Un accueil plus ou moins favorable

Source : Association Parents Citoyens. Disponible sur http://parentscitoyens.canalblog.com/archives/2011/05/05/21060803.html. [Consulté le 29/05/2017]

        Julien Grenet, un économiste spécialisé dans les politiques éducatives et proche de Thomas Piketty, soutient ce projet. Selon lui, il permettrait de favoriser la mixité sociale et d’établir une plus grande réussite de chaque collégien, sans distinction. C’est pour cette raison qu’il travaille en coopération avec la direction des affaires sociales de Paris pour « renforcer la mixité sociale dans les collèges ». Au vu de la situation alarmante de l’enseignement français qui perpétue les inégalités, il affirme « la nécessité de prendre des mesures ».[4]

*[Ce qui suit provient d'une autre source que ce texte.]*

(* Let $(G,\precsim)$ be a compatible quasi-ordered abelian group and $G^v=G\setminus G^o$. Then $G^v$ is a final segment of $G$. Moreover, for any $g\in G^v$ and $h\in G$ we have $cl(g+h)\leq\max(cl(g),cl(h))$, and if $h\precnsim g$ then $g\sim g+h$.
   Context: A compatible quasi-ordered abelian group is an abelian group $G$ with a total quasi-order $\precsim$ (reflexive, transitive, any two elements comparable) such that, writing $a\sim b$ for $a\precsim b\wedge b\precsim a$: $(Q_1)$ $x\sim0\Rightarrow x=0$; $(Q_2)$ $x\precsim y\wedge y\not\sim z\Rightarrow x+z\precsim y+z$, for all $x,y,z$. $cl(g)$ is the $\sim$-class of $g$; the classes are totally ordered by $cl(a)\le cl(b)\Leftrightarrow a\precsim b$. $a\precnsim b$ means $a\precsim b$ and $a\not\sim b$. An element $g$ is o-type if $cl(g)=\{g\}$ and $g$ is not of order $2$; $G^o$ is the set of o-type elements. A set $S$ is a final segment if $s\in S$, $s\precsim a$ imply $a\in S$. *)

theory Defs
  imports Main
begin

definition qequiv :: "('a \<Rightarrow> 'a \<Rightarrow> bool) \<Rightarrow> 'a \<Rightarrow> 'a \<Rightarrow> bool" where
  "qequiv le a b \<longleftrightarrow> le a b \<and> le b a"

definition cqoag :: "('a::ab_group_add \<Rightarrow> 'a \<Rightarrow> bool) \<Rightarrow> bool" where
  "cqoag le \<longleftrightarrow>
     (\<forall>x. le x x) \<and>
     (\<forall>x y z. le x y \<longrightarrow> le y z \<longrightarrow> le x z) \<and>
     (\<forall>x y. le x y \<or> le y x) \<and>
     (\<forall>x. qequiv le x 0 \<longrightarrow> x = 0) \<and>
     (\<forall>x y z. le x y \<and> \<not> qequiv le y z \<longrightarrow> le (x + z) (y + z))"

definition qcl :: "('a \<Rightarrow> 'a \<Rightarrow> bool) \<Rightarrow> 'a \<Rightarrow> 'a set" where
  "qcl le g = {x. qequiv le x g}"

definition otype :: "('a::ab_group_add \<Rightarrow> 'a \<Rightarrow> bool) \<Rightarrow> 'a set" where
  "otype le = {g. qcl le g = {g} \<and> \<not> (g \<noteq> 0 \<and> g + g = 0)}"

definition final_segment :: "('a \<Rightarrow> 'a \<Rightarrow> bool) \<Rightarrow> 'a set \<Rightarrow> bool" where
  "final_segment le S \<longleftrightarrow> (\<forall>s a. s \<in> S \<and> le s a \<longrightarrow> a \<in> S)"

end

theory Submission
  imports Defs
begin

text \<open>An element \<open>g\<close> lies outside \<open>G\<^sup>o\<close> iff \<open>g \<noteq> 0\<close> and \<open>g \<sim> -g\<close>: translating by \<open>-g\<close> with (Q2)
  turns any \<open>x \<sim> g\<close> into \<open>x - g \<sim> 0\<close>, so \<open>cl(g) = {g}\<close> unless \<open>g \<sim> -g\<close>. Such elements are
  positive, while nonzero negative elements have singleton classes. All claims then follow by
  translating inequalities with (Q2); the work lies in checking each time that the translating
  element is not equivalent to the bound, which uses \<open>x \<sim> -x\<close> for every \<open>x\<close> above \<open>G\<^sup>v\<close>.\<close>

locale cqo_group =
  fixes le :: "'a::ab_group_add \<Rightarrow> 'a \<Rightarrow> bool" (infix "\<lesssim>" 50)
  assumes cqoag: "cqoag le"
begin

abbreviation qeq :: "'a \<Rightarrow> 'a \<Rightarrow> bool" (infix "\<sim>" 50) where
  "x \<sim> y \<equiv> qequiv le x y"

lemma qle_refl: "x \<lesssim> x"
  using cqoag by (simp add: cqoag_def)

lemma qle_trans: "x \<lesssim> y \<Longrightarrow> y \<lesssim> z \<Longrightarrow> x \<lesssim> z"
  using cqoag unfolding cqoag_def by blast

lemma qle_total: "x \<lesssim> y \<or> y \<lesssim> x"
  using cqoag unfolding cqoag_def by blast

lemma qequiv_zero_eq: "x \<sim> 0 \<Longrightarrow> x = 0"
  using cqoag unfolding cqoag_def by blast

lemma qle_add_right: "x \<lesssim> y \<Longrightarrow> \<not> y \<sim> z \<Longrightarrow> x + z \<lesssim> y + z"
  using cqoag unfolding cqoag_def by blast

lemma qequiv_add_right:
  assumes "x \<sim> y" and "\<not> y \<sim> z"
  shows "x + z \<sim> y + z"
proof -
  have "\<not> x \<sim> z"
    using assms qle_trans unfolding qequiv_def by blast
  then show ?thesis
    using assms qle_add_right unfolding qequiv_def by blast
qed

lemma qequiv_eq_if_not_qequiv_uminus:
  assumes "\<not> g \<sim> -g" and "x \<sim> g"
  shows "x = g"
proof -
  have "x + -g \<sim> g + -g"
    using qequiv_add_right assms by blast
  then show ?thesis
    using qequiv_zero_eq by force
qed

lemma uminus_qge_zero:
  assumes "x \<lesssim> 0" and "x \<noteq> 0"
  shows "0 \<lesssim> -x"
proof -
  have "\<not> 0 \<sim> -x"
    using qequiv_zero_eq assms(2) unfolding qequiv_def by force
  then show ?thesis
    using qle_add_right[OF assms(1), of "-x"] by simp
qed

lemma qequiv_uminus_imp_qge_zero:
  assumes "x \<sim> -x"
  shows "0 \<lesssim> x"
proof (rule ccontr)
  assume "\<not> 0 \<lesssim> x"
  then have "x \<lesssim> 0" and "x \<noteq> 0"
    using qle_total qle_refl by blast+
  then have "-x \<sim> 0"
    using uminus_qge_zero assms qle_trans unfolding qequiv_def by blast
  then show False
    using qequiv_zero_eq \<open>x \<noteq> 0\<close> by force
qed

lemma notin_otype_iff: "g \<notin> otype le \<longleftrightarrow> g \<noteq> 0 \<and> g \<sim> -g"
proof
  assume g: "g \<notin> otype le"
  have "g \<in> qcl le g"
    by (simp add: qcl_def qequiv_def qle_refl)
  with g consider x where "x \<sim> g" "x \<noteq> g" | "g \<noteq> 0" "g + g = 0"
    unfolding otype_def qcl_def by blast
  then show "g \<noteq> 0 \<and> g \<sim> -g"
  proof cases
    case 1
    then show ?thesis
      using qequiv_eq_if_not_qequiv_uminus qequiv_zero_eq by blast
  next
    case 2
    then have "-g = g"
      by (metis minus_unique)
    then show ?thesis
      using 2 by (simp add: qequiv_def qle_refl)
  qed
next
  assume g: "g \<noteq> 0 \<and> g \<sim> -g"
  show "g \<notin> otype le"
  proof (cases "-g = g")
    case True
    then have "g + g = 0"
      by (metis add.right_inverse)
    then show ?thesis
      using g by (simp add: otype_def)
  next
    case False
    have "-g \<in> qcl le g"
      using g by (simp add: qcl_def qequiv_def)
    then show ?thesis
      using False by (auto simp: otype_def)
  qed
qed

lemma qge_zero_if_notin_otype: "g \<notin> otype le \<Longrightarrow> 0 \<lesssim> g"
  using notin_otype_iff qequiv_uminus_imp_qge_zero by blast

lemma qequiv_uminus_above_order_two:
  assumes g: "0 \<lesssim> g" "g \<noteq> 0" "g + g = 0" and "\<not> a \<lesssim> g"
  shows "a \<sim> -a"
proof (rule ccontr)
  assume a: "\<not> a \<sim> -a"
  have "a \<lesssim> g + a"
    using qle_add_right[OF g(1), of a] \<open>\<not> a \<lesssim> g\<close> unfolding qequiv_def by simp
  moreover have "\<not> a + g \<sim> g"
    using \<open>a \<lesssim> g + a\<close> \<open>\<not> a \<lesssim> g\<close> qle_trans unfolding qequiv_def by (metis add.commute)
  ultimately have "a + g \<lesssim> a + g + g"
    using qle_add_right[of a "a + g" g] by (simp add: add.commute)
  also have "a + g + g = a"
    using g(3) by (simp add: add.assoc)
  finally have "a + g \<lesssim> a" .
  then have "a + g = a"
    using qequiv_eq_if_not_qequiv_uminus[OF a] \<open>a \<lesssim> g + a\<close>
    unfolding qequiv_def by (metis add.commute)
  then show False
    using g(2) by simp
qed

lemma qequiv_uminus_above:
  assumes g: "g \<sim> -g" "g \<noteq> 0" "-g \<noteq> g" and ga: "g \<lesssim> a" "\<not> a \<lesssim> g"
  shows "a \<sim> -a"
proof (rule ccontr)
  assume a: "\<not> a \<sim> -a"
  have g_pos: "0 \<lesssim> g"
    using qequiv_uminus_imp_qge_zero g(1) .
  \<comment> \<open>\<open>g - a\<close> is negative, so its class is a singleton, yet it contains \<open>-g - a\<close>.\<close>
  have "g + -a \<lesssim> a + -a"
    using qle_add_right[OF ga(1)] a by blast
  then have "g - a \<lesssim> 0" and "g - a \<noteq> 0"
    using ga(2) qle_refl by auto
  then have neg: "\<not> g - a \<sim> -(g - a)"
    using qequiv_uminus_imp_qge_zero qequiv_zero_eq unfolding qequiv_def by blast
  have "-a \<lesssim> 0"
    using qle_add_right[OF qle_trans[OF g_pos ga(1)], of "-a"] a by simp
  then have "\<not> g \<sim> -a"
    using g_pos g(2) qle_trans qequiv_zero_eq unfolding qequiv_def by blast
  moreover have "-g \<sim> g"
    using g(1) by (simp add: qequiv_def)
  ultimately have "-g + -a \<sim> g + -a"
    using qequiv_add_right by blast
  then have "-g - a = g - a"
    using qequiv_eq_if_not_qequiv_uminus[OF neg] by simp
  then show False
    using g(3) by simp
qed

lemma notin_otype_if_qle:
  assumes g: "g \<notin> otype le" and "g \<lesssim> a"
  shows "a \<notin> otype le"
proof -
  have g_pos: "0 \<lesssim> g" and "g \<noteq> 0" and "g \<sim> -g"
    using g notin_otype_iff qge_zero_if_notin_otype by blast+
  have "a \<noteq> 0"
    using \<open>g \<lesssim> a\<close> g_pos \<open>g \<noteq> 0\<close> qequiv_zero_eq unfolding qequiv_def by blast
  moreover have "a \<sim> -a"
  proof (cases "a \<lesssim> g")
    case True
    then have "g \<sim> a"
      using \<open>g \<lesssim> a\<close> by (simp add: qequiv_def)
    then show ?thesis
      using qequiv_eq_if_not_qequiv_uminus \<open>g \<sim> -g\<close> by blast
  next
    case False
    show ?thesis
    proof (cases "-g = g")
      case True
      then have "g + g = 0"
        by (metis add.right_inverse)
      then show ?thesis
        using qequiv_uminus_above_order_two g_pos \<open>g \<noteq> 0\<close> False by blast
    next
      case False
      then show ?thesis
        using qequiv_uminus_above \<open>g \<sim> -g\<close> \<open>g \<noteq> 0\<close> \<open>g \<lesssim> a\<close> \<open>\<not> a \<lesssim> g\<close> by blast
    qed
  qed
  ultimately show ?thesis
    using notin_otype_iff by blast
qed

lemma qequiv_uminus_if_qle:
  "g \<notin> otype le \<Longrightarrow> g \<lesssim> x \<Longrightarrow> x \<sim> -x"
  using notin_otype_if_qle notin_otype_iff by blast

lemma qle_of_qle_uminus:
  assumes "g \<notin> otype le" and "g \<lesssim> -h"
  shows "g \<lesssim> h"
  using qequiv_uminus_if_qle[OF assms] assms(2) qle_trans unfolding qequiv_def by simp

lemma qequiv_add_if_qge_zero:
  assumes g: "g \<notin> otype le" and h: "0 \<lesssim> h" "\<not> g \<lesssim> h"
  shows "g \<sim> g + h"
proof -
  have "0 + g \<lesssim> h + g"
    using qle_add_right[OF h(1), of g] h(2) unfolding qequiv_def by blast
  then have gk: "g \<lesssim> g + h"
    by (simp add: add.commute)
  have "g + h \<lesssim> g"
  proof (cases "-h \<lesssim> 0")
    case True
    have "g \<noteq> 0" and "g \<sim> -g"
      using g notin_otype_iff by blast+
    then have "\<not> 0 \<sim> -g"
      using qequiv_zero_eq unfolding qequiv_def by force
    then have "-h + -g \<lesssim> 0 + -g"
      using qle_add_right[OF True] by blast
    then have "-(g + h) \<lesssim> -g"
      by (simp add: add.commute)
    moreover have "g + h \<sim> -(g + h)"
      using qequiv_uminus_if_qle[OF g gk] .
    ultimately show ?thesis
      using \<open>g \<sim> -g\<close> qle_trans unfolding qequiv_def by blast
  next
    case False
    then have "0 \<lesssim> -h"
      using qle_total by blast
    have "\<not> -h \<sim> g + h"
      using qle_of_qle_uminus[OF g] gk h(2) qle_trans unfolding qequiv_def by blast
    then have "0 + (g + h) \<lesssim> -h + (g + h)"
      using qle_add_right[OF \<open>0 \<lesssim> -h\<close>] by blast
    then show ?thesis
      by simp
  qed
  with gk show ?thesis
    unfolding qequiv_def by blast
qed

lemma qequiv_add_if_qle_zero:
  assumes g: "g \<notin> otype le" and h: "h \<lesssim> 0"
  shows "g \<sim> g + h"
proof -
  have "g \<noteq> 0" and "g \<sim> -g" and g_pos: "0 \<lesssim> g"
    using g notin_otype_iff qge_zero_if_notin_otype by blast+
  then have "\<not> 0 \<sim> g"
    using qequiv_zero_eq unfolding qequiv_def by blast
  then have "h + g \<lesssim> 0 + g"
    using qle_add_right[OF h] by blast
  then have kg: "g + h \<lesssim> g"
    by (simp add: add.commute)
  have "g \<lesssim> g + h"
  proof (cases "h = 0")
    case True
    then show ?thesis
      by (simp add: qle_refl)
  next
    case False
    have "\<not> g \<lesssim> h"
      using h g_pos \<open>g \<noteq> 0\<close> qle_trans qequiv_zero_eq unfolding qequiv_def by blast
    have "\<not> -h \<sim> -g"
      using qle_of_qle_uminus[OF g] \<open>\<not> g \<lesssim> h\<close> \<open>g \<sim> -g\<close> qle_trans
      unfolding qequiv_def by blast
    then have "0 + -g \<lesssim> -h + -g"
      using qle_add_right[OF uminus_qge_zero[OF h False]] by blast
    then have "-g \<lesssim> -(g + h)"
      by (simp add: add.commute)
    moreover have "-(g + h) \<sim> g + h"
      using qequiv_uminus_if_qle[OF g] \<open>g \<sim> -g\<close> calculation qle_trans
      unfolding qequiv_def by (metis minus_minus)
    ultimately show ?thesis
      using \<open>g \<sim> -g\<close> qle_trans unfolding qequiv_def by blast
  qed
  with kg show ?thesis
    unfolding qequiv_def by blast
qed

lemma qequiv_add_if_qless:
  "g \<notin> otype le \<Longrightarrow> h \<lesssim> g \<Longrightarrow> \<not> g \<lesssim> h \<Longrightarrow> g \<sim> g + h"
  using qequiv_add_if_qge_zero qequiv_add_if_qle_zero qle_total by blast

lemma add_qle_max:
  assumes g: "g \<notin> otype le"
  shows "g + h \<lesssim> g \<or> g + h \<lesssim> h"
proof -
  consider "h \<lesssim> g" "\<not> g \<lesssim> h" | "g \<lesssim> h" "\<not> h \<lesssim> g" | "g \<sim> h"
    using qle_total unfolding qequiv_def by blast
  then show ?thesis
  proof cases
    case 1
    then show ?thesis
      using qequiv_add_if_qless[OF g] unfolding qequiv_def by blast
  next
    case 2
    then show ?thesis
      using qequiv_add_if_qless[OF notin_otype_if_qle[OF g 2(1)]]
      unfolding qequiv_def by (metis add.commute)
  next
    case 3
    \<comment> \<open>If \<open>g + h\<close> were strictly above \<open>g \<sim> -h\<close>, adding \<open>-h\<close> would not leave its class.\<close>
    show ?thesis
    proof (rule ccontr)
      assume "\<not> ?thesis"
      then have "g \<lesssim> g + h" and k: "\<not> g + h \<lesssim> g"
        using qle_total by blast+
      have "-h \<sim> g"
        using qequiv_uminus_if_qle[OF g] 3 qle_trans unfolding qequiv_def by blast
      then have "-h \<lesssim> g + h" and "\<not> g + h \<lesssim> -h"
        using \<open>g \<lesssim> g + h\<close> k qle_trans unfolding qequiv_def by blast+
      then have "g + h \<sim> g + h + -h"
        using qequiv_add_if_qless[OF notin_otype_if_qle[OF g \<open>g \<lesssim> g + h\<close>]] by blast
      then show False
        using k unfolding qequiv_def by simp
    qed
  qed
qed

end

theorem mainTheorem7:
  fixes le :: "'a::ab_group_add \<Rightarrow> 'a \<Rightarrow> bool"
  assumes "cqoag le"
  shows "final_segment le (UNIV - otype le)
    \<and> (\<forall>g \<in> UNIV - otype le. \<forall>h.
          (le (g + h) g \<or> le (g + h) h)
        \<and> (le h g \<and> \<not> qequiv le h g \<longrightarrow> qequiv le g (g + h)))"
proof -
  interpret cqo_group le
    using assms by unfold_locales
  have "final_segment le (UNIV - otype le)"
    unfolding final_segment_def using notin_otype_if_qle by blast
  moreover have "qequiv le g (g + h)"
    if "g \<notin> otype le" "le h g" "\<not> qequiv le h g" for g h
    using qequiv_add_if_qless that unfolding qequiv_def by blast
  ultimately show ?thesis
    using add_qle_max by blast
qed

end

           Néanmoins, le projet ne reçoit pas de soutien unanime : des parents d’élèves s’y opposent fortement. Pour comprendre davantage cette situation, il convient d’étudier les expérimentations de ce projet dans l’Académie de Paris car elle cristallise les points saillants de la controverse. D’abord, parce qu’elle met en exergue le statut particulier de l’Académie de Paris, qui n’utilise pas Affelnet 6e pour affecter les élèves. D’autre part, parce que l’Académie de Paris est la plus ségréguée socialement de France.[5] Pour Julien Grenet, les secteurs multicollèges seraient l’occassion d’introduire Affelnet 6e dans l’académie de Paris.[6]

        Ainsi, douze projets ont été soumis à la mairie par l’Académie de Paris. Quatre secteurs et huit collèges ont été retenus pour engager des concertations avec l’accord des maires d’arrondissement. Les objectifs pour les différents secteurs sont de « rééquilibrer les caractéristiques des collèges » et de « profiter de la nécessité de réalimenter un collège en perte d’élèves pour y adjoindre un objectif de mixité sociale ».

Source des deux illustrations : FCPE, association de parents d'élèves. Disponible sur http://www.fcpe75.org/secteurs-multi-colleges-dans-le-18e-le-point-sur-la-situation/. [Consulté le 04/06/2017]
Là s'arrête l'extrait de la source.